Кымыш-дузчы взял лопату в руки, повертел её и так, и сяк, а затем посмотрел на собравшихся, обдав их презрительным и насмешливым взглядом.
Бегендику показалось, что Кымыш-дузчы остался недоволен его работой, отчего у него совсем упало настроение.
– А ну, скажи, дорогой, чем тебе не нравится эта лопата? Какой ты в ней изъян нашёл?
– Да ты посмотри, Кымыш акга, как крутится черенок этой лопаты! – заверещал Гачы-кичиджик, чувствуя, что удача отвернулась от него.
– Черенок лопаты вставлен, как надо, дорогой, а если черенок кривой, почему ты не принёс другой, ровный? Если у тебя ручка лопаты кривая, мастер-то что может сделать? Принесёшь кривую палку, он вставит кривую, принесешь гладкую – получишь гладкую…[16 - Через несколько лет, вспоминая этот скандал, Бегендик уста говорил: «Я тогда пожалел, что переехал в это село, мне показалось, что меня все ненавидят. И если бы тогда за меня не вступился мой друг Кымыш ага, я бы в тот же день покинул это село».]

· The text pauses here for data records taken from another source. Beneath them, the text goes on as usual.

lemma inv_mult_cancel_left [simp]: "x \<in> carrier G \<Longrightarrow> y \<in> carrier G \<Longrightarrow> inv x \<otimes> (x \<otimes> y) = y"
  by (simp add: m_assoc [symmetric])

lemma conj_conj:
  "\<lbrakk>x \<in> carrier G; g \<in> carrier G; h \<in> carrier G\<rbrakk> \<Longrightarrow> g \<otimes> (h \<otimes> x \<otimes> inv h) \<otimes> inv g = (g \<otimes> h) \<otimes> x \<otimes> inv (g \<otimes> h)"
  by (simp add: m_assoc inv_mult_group)

lemma generate_insert_redundant:
  assumes "S \<subseteq> carrier G" "x \<in> generate G S"
  shows "generate G (insert x S) = generate G S"
proof
  show "generate G (insert x S) \<subseteq> generate G S"
    using assms generate.incl[of _ S G] by (intro generate_subgroup_incl generate_is_subgroup) auto
qed (simp add: mono_generate subset_insertI)

lemma conj_in_generate:
  assumes "S \<subseteq> carrier G" "x \<in> generate G S" "h \<in> generate G S"
  shows "h \<otimes> x \<otimes> inv h \<in> generate G S"
  using assms generate_is_subgroup[OF assms(1)] by (simp add: subgroup.m_closed subgroup.m_inv_closed)

lemma word_prod_Nil [simp]: "word_prod G [] = \<one>"
  by (simp add: word_prod_def)

lemma word_prod_Cons [simp]: "word_prod G (x # w) = x \<otimes> word_prod G w"
  by (simp add: word_prod_def)

lemma word_prod_closed [intro, simp]: "set w \<subseteq> carrier G \<Longrightarrow> word_prod G w \<in> carrier G"
  by (induction w) auto

lemma word_prod_append:
  "set u \<subseteq> carrier G \<Longrightarrow> set w \<subseteq> carrier G \<Longrightarrow> word_prod G (u @ w) = word_prod G u \<otimes> word_prod G w"
  by (induction u) (auto simp: m_assoc)

lemma word_prod_replicate: "g \<in> carrier G \<Longrightarrow> word_prod G (replicate k g) = g [^] k"
  using nat_pow_Suc2[of g] by (induction k) (auto simp del: nat_pow_Suc)

lemma word_prod_replicate_order_append:
  assumes "finite (carrier G)" "g \<in> carrier G" "set s \<subseteq> carrier G"
  shows "word_prod G (replicate (order G) g @ s) = word_prod G s"
proof -
  have "set (replicate (order G) g) \<subseteq> carrier G" using assms(2) by auto
  then show ?thesis
    using word_prod_append[of "replicate (order G) g" s] assms
    by (simp add: word_prod_replicate pow_order_eq_1)
qed

end

lemma fact_equiv_eq_equivclp: "fact_equiv G Ocl = equivclp (hurwitz_step G Ocl)"
  by (simp add: fact_equiv_def equivclp_def symclp_def [abs_def])

lemma hurwitz_step_append_cong:
  "hurwitz_step G Ocl w w' \<Longrightarrow> hurwitz_step G Ocl (p @ w @ q) (p @ w' @ q)"
  unfolding hurwitz_step_def by (elim exE conjE) (metis append.assoc)

lemma equivclp_map:
  assumes "\<And>x y. r x y \<Longrightarrow> r (f x) (f y)" and "equivclp r x y"
  shows "equivclp r (f x) (f y)"
  using assms(2) by (induction rule: equivclp_induct) (auto intro: equivclp_into_equivclp assms(1))

locale conj_closed_factors = group +
  fixes Ocl :: "'a set"
  assumes Ocl_subset: "Ocl \<subseteq> carrier G"
    and Ocl_conj: "x \<in> Ocl \<Longrightarrow> h \<in> carrier G \<Longrightarrow> h \<otimes> x \<otimes> inv h \<in> Ocl"
begin

abbreviation fequiv :: "'a list \<Rightarrow> 'a list \<Rightarrow> bool" where
  "fequiv \<equiv> fact_equiv G Ocl"

lemma Ocl_carrier [simp]: "x \<in> Ocl \<Longrightarrow> x \<in> carrier G"
  using Ocl_subset by blast

lemma Ocl_conj_inv: "x \<in> Ocl \<Longrightarrow> h \<in> carrier G \<Longrightarrow> inv h \<otimes> x \<otimes> h \<in> Ocl"
  using Ocl_conj[of x "inv h"] by simp

lemma words_carrier: "set w \<subseteq> Ocl \<Longrightarrow> set w \<subseteq> carrier G"
  using Ocl_subset by blast

lemma fequiv_refl [simp]: "fequiv w w"
  by (simp add: fact_equiv_eq_equivclp)

lemma fequiv_sym: "fequiv u v \<Longrightarrow> fequiv v u"
  unfolding fact_equiv_eq_equivclp by (rule equivclp_sym)

lemma fequiv_trans [trans]: "fequiv u v \<Longrightarrow> fequiv v w \<Longrightarrow> fequiv u w"
  unfolding fact_equiv_eq_equivclp by (rule equivclp_trans)

lemma fequiv_append_cong: "fequiv w w' \<Longrightarrow> fequiv (p @ w @ q) (p @ w' @ q)"
  unfolding fact_equiv_eq_equivclp by (rule equivclp_map) (rule hurwitz_step_append_cong)

lemma fequiv_Cons_cong: "fequiv w w' \<Longrightarrow> fequiv (x # w) (x # w')"
  using fequiv_append_cong[of w w' "[x]" "[]"] by simp

lemma fact_class_eq: "fequiv w w' \<Longrightarrow> fact_class G Ocl w = fact_class G Ocl w'"
  unfolding fact_class_def using fequiv_trans fequiv_sym by blast

lemma fequiv_move_right:
  "a \<in> Ocl \<Longrightarrow> b \<in> Ocl \<Longrightarrow> fequiv (u @ [a, b] @ v) (u @ [b, inv b \<otimes> a \<otimes> b] @ v)"
  unfolding fact_equiv_eq_equivclp by (rule r_into_equivclp) (auto simp: hurwitz_step_def)

lemma fequiv_move_left:
  "a \<in> Ocl \<Longrightarrow> b \<in> Ocl \<Longrightarrow> fequiv (u @ [a, b] @ v) (u @ [a \<otimes> b \<otimes> inv a, a] @ v)"
  unfolding fact_equiv_eq_equivclp by (rule r_into_equivclp) (auto simp: hurwitz_step_def)

lemma hurwitz_step_Ocl: "hurwitz_step G Ocl w w' \<Longrightarrow> set w \<subseteq> Ocl \<longleftrightarrow> set w' \<subseteq> Ocl"
  unfolding hurwitz_step_def
  by (elim exE conjE disjE) (simp_all add: Ocl_conj Ocl_conj_inv)

text \<open>A move of the second kind is the inverse of a move of the first kind, so an invariant
  only has to be checked on moves of the first kind.\<close>
lemma fequiv_invariant:
  assumes move: "\<And>u v a b. a \<in> Ocl \<Longrightarrow> b \<in> Ocl \<Longrightarrow> set u \<subseteq> Ocl \<Longrightarrow> set v \<subseteq> Ocl \<Longrightarrow>
      f (u @ [b, inv b \<otimes> a \<otimes> b] @ v) = f (u @ [a, b] @ v)"
    and "fequiv w w'" "set w \<subseteq> Ocl"
  shows "set w' \<subseteq> Ocl \<and> f w' = f w"
proof -
  have step_eq: "f y = f x" if xy: "hurwitz_step G Ocl x y" and x: "set x \<subseteq> Ocl" for x y
  proof -
    obtain u v a b where ab: "a \<in> Ocl" "b \<in> Ocl" "x = u @ [a, b] @ v" and
      y: "y = u @ [b, inv b \<otimes> a \<otimes> b] @ v \<or> y = u @ [a \<otimes> b \<otimes> inv a, a] @ v"
      using xy unfolding hurwitz_step_def by blast
    have uv: "set u \<subseteq> Ocl" "set v \<subseteq> Ocl" using x ab(3) by auto
    from y show ?thesis
    proof
      assume "y = u @ [a \<otimes> b \<otimes> inv a, a] @ v"
      moreover have "inv a \<otimes> (a \<otimes> b \<otimes> inv a) \<otimes> a = b" using ab by (simp add: m_assoc)
      ultimately show ?thesis
        using move[OF Ocl_conj[OF ab(2) Ocl_carrier[OF ab(1)]] ab(1) uv] ab(3) by simp
    qed (use move ab uv in simp)
  qed
  from \<open>fequiv w w'\<close> show ?thesis
    unfolding fact_equiv_eq_equivclp
  proof (induction rule: equivclp_induct)
    case (step y z)
    then have "set z \<subseteq> Ocl" using hurwitz_step_Ocl by blast
    moreover have "f z = f y" using step step_eq \<open>set z \<subseteq> Ocl\<close> by auto
    ultimately show ?case using step.IH by simp
  qed (use assms(3) in simp)
qed

lemma fequiv_word_prod:
  assumes "fequiv w w'" "set w \<subseteq> Ocl"
  shows "word_prod G w' = word_prod G w"
proof -
  have "word_prod G (u @ [b, inv b \<otimes> a \<otimes> b] @ v) = word_prod G (u @ [a, b] @ v)"
    if "a \<in> Ocl" "b \<in> Ocl" "set u \<subseteq> Ocl" "set v \<subseteq> Ocl" for u v a b
  proof -
    have "set u \<subseteq> carrier G" "set v \<subseteq> carrier G" using that words_carrier by auto
    then show ?thesis using that by (simp add: word_prod_append m_assoc)
  qed
  from fequiv_invariant[of "word_prod G", OF this assms] show ?thesis by simp
qed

– А вот Хукги уста…– начал было Гачы, пытаясь доказать свою правоту, но старик сразу понял, куда он клонит, и не дал ему договорить, резко оборвал его:
– Короче, закрой свой рот! Знали мы твоего Хукги, он ничем не лучше этого мастера!
– Не говори так, Кымыш акга! Хукги уста – человек, мастеривший стволы для винтовок.
Кымышу-дузчы не понравилось, что Гачы кичиджик никак не унимался, стоял на своём, болтал всякую ерунду. Тряхнув полой дона, старик встал с места и со злостью отбросил лопату в сторону.
– Тогда иди и отнеси свою лопату Хукги уста, пусть он поправит её. Предупреждаю: ещё раз тронешь кузнеца, ничего хорошего не получишь. Тоже мне ещё, знаток мастеров нашёлся… Хоть отец твой немаленького роста, отчего твоя мать не родила тебя высоким и стройным? Да потому, что ты вырос из того семени, которое застряло в чреве матери. Так и мастер, какую ты палку принёс, из такой и выточил тебе черенок лопаты. Эх ты, пустобрёх…
Наступила тишина. Довольно долго никто не издавал ни звука. Лишь слабый горячий ветерок доносил шелест камышей со стороны оврага. Разочарованный Гачы кичиджик, подхватив отброшенную Кымышек лопату, ушёл, ворча и не оборачиваясь…
…После разговоров возле кузницы Бегендика Кымыш-дузчы вернулся домой с некоторым опозданием. Когда он вошёл в дом, Джемал мама, у которой уже остывал приготовленный ею обед, говорила сыновьям: «Отец ваш снова где-то приземлился на мягкой подстилке. Вы хоть поешьте, пока еда совсем не остыла!»
Послышался звук шагов и знакомое покашливание Кымыша-дузчы. Оставив за порогом свою обувь, он вошёл в дом, снял дон и папаху и бросил их рядом с тем местом, где обычно садился. В доме было жарко и пахло восхитительно вкусным обедом. Заняв своё место, он тотчас же поделился своей тревогой с сыновьями:
– Вы, наверно, тоже слышали, село опять наполнилось малоприятными слухами.
Оразгелди сразу же понял, что имеет в виду его отец:
– Да, слухи об очередной выходке новой власти уже заполонили всё село.
– Но эти слухи явно не исходят от сельсовета, – включился в разговор и Оразгылыч.
Подвинувшись вперёд, Оразгелди налил из кувшина пиалу холодной колодезной воды и выпил.
Джемал мама, чуть раньше пообедавшая вместе с невестками и внуками на той стороне очага, вытирая только что вымытую посуду, чтобы налить в неё обед для сыновей и мужа, не удержалась, вступила в разговор. До неё тоже дошли слухи о том, что у людей будут отбирать зерно.
– Интересно, забрав у людей всё зерно, что ли они детей заставят глину лизать? – она озабоченно посмотрела на окружавших её внуков, после чего продолжила. – Точно по поговорке: не сеял, не веял, зато на мельнице первый хозяин! И за налоги каждый год забирали пшеницу один раз, а в этом году уже два раза взяли. Видите ли, им ещё нужно зерна. Можно подумать, у нас тут горы зерна сложены, чтобы отсыпать им и отсыпать…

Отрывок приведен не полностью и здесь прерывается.